::: SUPPLIED ENTRIES :::

(* Let $\mathfrak{R}$ be an alternative ring containing a nontrivial idempotent $e_1$, with Peirce decomposition $\mathfrak{R}=\mathfrak{R}_{11}\oplus\mathfrak{R}_{12}\oplus\mathfrak{R}_{21}\oplus\mathfrak{R}_{22}$, which satisfies: (i) if $a_{11}\in\mathfrak{R}_{11}$, $a_{22}\in\mathfrak{R}_{22}$ and $[a_{11}+a_{22},\mathfrak{R}_{12}]=0$, then $a_{11}+a_{22}\in\mathcal{Z}(\mathfrak{R})$; (ii) if $a_{11}\in\mathfrak{R}_{11}$, $a_{22}\in\mathfrak{R}_{22}$ and $[a_{11}+a_{22},\mathfrak{R}_{21}]=0$, then $a_{11}+a_{22}\in\mathcal{Z}(\mathfrak{R})$. Then every multiplicative Lie $3$-derivation $\mathcal{D}$ of $\mathfrak{R}$ is almost additive, i.e. $\mathcal{D}(a+b)-\mathcal{D}(a)-\mathcal{D}(b)\in\mathcal{Z}(\mathfrak{R})$ for all $a,b\in\mathfrak{R}$.
   Context: Rings are not assumed associative or unital. $\mathfrak{R}$ is alternative if $(x,x,y)=0=(y,x,x)$ for all $x,y$, where $(x,y,z)=(xy)z-x(yz)$. $[x,y]=xy-yx$; $\mathcal{Z}(\mathfrak{R})=\{r: [r,x]=0\ \forall x\in\mathfrak{R}\}$. A map $\mathcal{D}\colon\mathfrak{R}\to\mathfrak{R}$, not necessarily additive, is a multiplicative Lie $3$-derivation if $\mathcal{D}([[x,y],w])=[[\mathcal{D}(x),y],w]+[[x,\mathcal{D}(y)],w]+[[x,y],\mathcal{D}(w)]$ for all $x,y,w\in\mathfrak{R}$. A nontrivial idempotent is $e_1\ne0$ with $e_1^2=e_1$ which is not a multiplicative identity. With $e_2a:=a-e_1a$, $ae_2:=a-ae_1$, set $\mathfrak{R}_{ij}=e_i\mathfrak{R}e_j$ ($i,j=1,2$), so $\mathfrak{R}=\bigoplus_{i,j}\mathfrak{R}_{ij}$. *)

theory Defs
  imports Main
begin

text \<open>Rings are neither assumed associative nor unital: we use an additive abelian
group with a multiplication that is biadditive (distributive on both sides).\<close>

definition assoc3 :: "'a::{ab_group_add,times} \<Rightarrow> 'a \<Rightarrow> 'a \<Rightarrow> 'a" where
  "assoc3 x y z = (x * y) * z - x * (y * z)"

definition nonassoc_ring :: "'a::{ab_group_add,times} itself \<Rightarrow> bool" where
  "nonassoc_ring _ \<longleftrightarrow> (\<forall>x y z::'a. x * (y + z) = x * y + x * z \<and> (x + y) * z = x * z + y * z)"

definition alternative_ring :: "'a::{ab_group_add,times} itself \<Rightarrow> bool" where
  "alternative_ring T \<longleftrightarrow> nonassoc_ring T \<and>
     (\<forall>x y::'a. assoc3 x x y = 0 \<and> assoc3 y x x = 0)"

definition comm :: "'a::{ab_group_add,times} \<Rightarrow> 'a \<Rightarrow> 'a" where
  "comm x y = x * y - y * x"

definition center :: "'a::{ab_group_add,times} set" where
  "center = {r. \<forall>x. comm r x = 0}"

definition mult_lie_3_derivation :: "('a::{ab_group_add,times} \<Rightarrow> 'a) \<Rightarrow> bool" where
  "mult_lie_3_derivation D \<longleftrightarrow> (\<forall>x y w.
     D (comm (comm x y) w) = comm (comm (D x) y) w + comm (comm x (D y)) w + comm (comm x y) (D w))"

definition nontrivial_idempotent :: "'a::{ab_group_add,times} \<Rightarrow> bool" where
  "nontrivial_idempotent e \<longleftrightarrow> e \<noteq> 0 \<and> e * e = e \<and> \<not> (\<forall>x. e * x = x \<and> x * e = x)"

text \<open>Left action of e_i and right action of e_j (e_2 a := a - e_1 a, a e_2 := a - a e_1).\<close>
definition lmul :: "'a::{ab_group_add,times} \<Rightarrow> nat \<Rightarrow> 'a \<Rightarrow> 'a" where
  "lmul e i a = (if i = 1 then e * a else a - e * a)"

definition rmul :: "'a::{ab_group_add,times} \<Rightarrow> nat \<Rightarrow> 'a \<Rightarrow> 'a" where
  "rmul e j a = (if j = 1 then a * e else a - a * e)"

text \<open>Peirce component R_ij = e_i R e_j, with e_i a e_j read as (e_i a) e_j
  (which equals e_i (a e_j) in an alternative ring).\<close>
definition peirce :: "'a::{ab_group_add,times} \<Rightarrow> nat \<Rightarrow> nat \<Rightarrow> 'a set" where
  "peirce e i j = {rmul e j (lmul e i a) | a. True}"

end

theory Submission
  imports Defs
begin

(* Write d(a, b) = D(a + b) - D a - D b. Because D is a Lie 3-derivation and commutators are
   biadditive, [[d(a, b), y], w] = d([[a, y], w], [[b, y], w]). Hypotheses (i) and (ii) reduce
   centrality of z to [[z, e], e] = 0 (which puts z in R11 + R22) together with [[z, t], e] = 0
   for all t in R21 (or all t in R12). This gives first that d(e, x) is central for x in R12 or
   R21, and then, via [[e + a, e - b], e] = a + b for a in R12, b in R21 (plus a correction term
   in R21 or R12 when a, b lie in the same component), that D is additive on R12 + R21. Every
   [x, e] lies in R12 + R21, so d([[a, y], e], [[b, y], e]) = 0 for all y, and d(a, b) is central. *)

(* Otherwise the simplifier turns peirce e 1 2 into peirce e (Suc 0) 2, where mem_peirce no
   longer applies. *)
declare One_nat_def [simp del]

lemma rmul_lmul_in_peirce: "rmul e j (lmul e i x) \<in> peirce e i j"
  by (auto simp: peirce_def)

lemma comm_antisym: "comm x y = - comm y x"
  by (simp add: comm_def)

lemma comm_self [simp]: "comm x x = 0"
  by (simp add: comm_def)

lemma center_comm_left: "z \<in> center \<Longrightarrow> comm z x = 0"
  by (simp add: center_def)

lemma center_comm_right: "z \<in> center \<Longrightarrow> comm x z = 0"
  by (simp add: center_def comm_antisym [of x z])

locale nonassoc =
  fixes T :: "'a::{ab_group_add,times} itself"
  assumes nonassoc_ring: "nonassoc_ring T"
begin

lemma distrib_left [simp]: "(x::'a) * (y + z) = x * y + x * z"
  using nonassoc_ring by (simp add: nonassoc_ring_def)

lemma distrib_right [simp]: "((x::'a) + y) * z = x * z + y * z"
  using nonassoc_ring by (simp add: nonassoc_ring_def)

lemma mult_zero_right [simp]: "(x::'a) * 0 = 0"
  using distrib_left [of x 0 0] by simp

lemma mult_zero_left [simp]: "0 * (x::'a) = 0"
  using distrib_right [of 0 0 x] by simp

lemma mult_minus_right [simp]: "(x::'a) * - y = - (x * y)"
  using distrib_left [of x y "- y"] by (simp add: neg_eq_iff_add_eq_0 [of "x * y", symmetric])

lemma mult_minus_left [simp]: "- (x::'a) * y = - (x * y)"
  using distrib_right [of x "- x" y] by (simp add: neg_eq_iff_add_eq_0 [of "x * y", symmetric])

lemma right_diff_distrib [simp]: "(x::'a) * (y - z) = x * y - x * z"
  using distrib_left [of x y "- z"] by simp

lemma left_diff_distrib [simp]: "((x::'a) - y) * z = x * z - y * z"
  using distrib_right [of x "- y" z] by simp

lemma comm_add_left [simp]: "comm ((x::'a) + y) z = comm x z + comm y z"
  by (simp add: comm_def)

lemma comm_add_right [simp]: "comm (x::'a) (y + z) = comm x y + comm x z"
  by (simp add: comm_def)

lemma comm_minus_left [simp]: "comm (- (x::'a)) y = - comm x y"
  by (simp add: comm_def)

lemma comm_minus_right [simp]: "comm (x::'a) (- y) = - comm x y"
  by (simp add: comm_def)

lemma comm_diff_left [simp]: "comm ((x::'a) - y) z = comm x z - comm y z"
  by (simp add: comm_def)

lemma comm_diff_right [simp]: "comm (x::'a) (y - z) = comm x y - comm x z"
  by (simp add: comm_def)

lemma comm_zero_left [simp]: "comm 0 (x::'a) = 0"
  by (simp add: comm_def)

lemma comm_zero_right [simp]: "comm (x::'a) 0 = 0"
  by (simp add: comm_def)

lemma peirce_decomposition:
  "(x::'a) = rmul e 1 (lmul e 1 x) + rmul e 2 (lmul e 1 x) + rmul e 1 (lmul e 2 x) + rmul e 2 (lmul e 2 x)"
  by (simp add: rmul_def lmul_def)

lemma comm_right_decomposition:
  "comm (x::'a) e = rmul e 1 (lmul e 2 x) - rmul e 2 (lmul e 1 x)"
  by (simp add: comm_def rmul_def lmul_def)

end

definition add_defect :: "('a::ab_group_add \<Rightarrow> 'a) \<Rightarrow> 'a \<Rightarrow> 'a \<Rightarrow> 'a" where
  "add_defect D a b = D (a + b) - D a - D b"

locale lie_3_derivation = nonassoc T for T :: "'a::{ab_group_add,times} itself" +
  fixes D :: "'a \<Rightarrow> 'a"
  assumes lie_3_derivation: "mult_lie_3_derivation D"
begin

lemma D_comm_comm:
  "D (comm (comm x y) w) = comm (comm (D x) y) w + comm (comm x (D y)) w + comm (comm x y) (D w)"
  using lie_3_derivation by (simp add: mult_lie_3_derivation_def)

lemma D_zero [simp]: "D 0 = 0"
  using D_comm_comm [of 0 0 0] by simp

lemma comm_comm_add_defect:
  "comm (comm (add_defect D a b) y) w = add_defect D (comm (comm a y) w) (comm (comm b y) w)"
proof -
  have "comm (comm a y) w + comm (comm b y) w = comm (comm (a + b) y) w"
    by simp
  then show ?thesis
    by (simp only: add_defect_def D_comm_comm) (simp add: algebra_simps)
qed

lemma D_comm_comm_add_add:
  assumes "add_defect D x1 x2 \<in> center" "add_defect D y1 y2 \<in> center"
  shows "D (comm (comm (x1 + x2) (y1 + y2)) w) =
    D (comm (comm x1 y1) w) + D (comm (comm x1 y2) w) + D (comm (comm x2 y1) w) + D (comm (comm x2 y2) w)"
proof -
  have "D (x1 + x2) = D x1 + D x2 + add_defect D x1 x2" "D (y1 + y2) = D y1 + D y2 + add_defect D y1 y2"
    by (simp_all add: add_defect_def)
  then show ?thesis
    unfolding D_comm_comm
    using center_comm_left [OF assms(1)] center_comm_right [OF assms(2)]
    by (simp add: algebra_simps)
qed

end

locale alternative =
  fixes T :: "'a::{ab_group_add,times} itself"
  assumes alternative_ring: "alternative_ring T"

sublocale alternative \<subseteq> nonassoc
  using alternative_ring by unfold_locales (simp add: alternative_ring_def)

context alternative
begin

lemma left_alternative: "((x::'a) * x) * y = x * (x * y)"
  using alternative_ring by (simp add: alternative_ring_def assoc3_def)

lemma right_alternative: "((y::'a) * x) * x = y * (x * x)"
  using alternative_ring by (simp add: alternative_ring_def assoc3_def)

lemma assoc3_skew_left: "assoc3 (x::'a) y z = - assoc3 y x z"
  using left_alternative [of "x + y" z] by (simp add: assoc3_def left_alternative algebra_simps)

:::

** WORK INSTRUCTIONS **
Among the records above, find each line holding the string "bool" and pull it out.

** ANSWER AREA **
definition nonassoc_ring :: "'a::{ab_group_add,times} itself \<Rightarrow> bool" where
definition alternative_ring :: "'a::{ab_group_add,times} itself \<Rightarrow> bool" where
definition mult_lie_3_derivation :: "('a::{ab_group_add,times} \<Rightarrow> 'a) \<Rightarrow> bool" where
definition nontrivial_idempotent :: "'a::{ab_group_add,times} \<Rightarrow> bool" where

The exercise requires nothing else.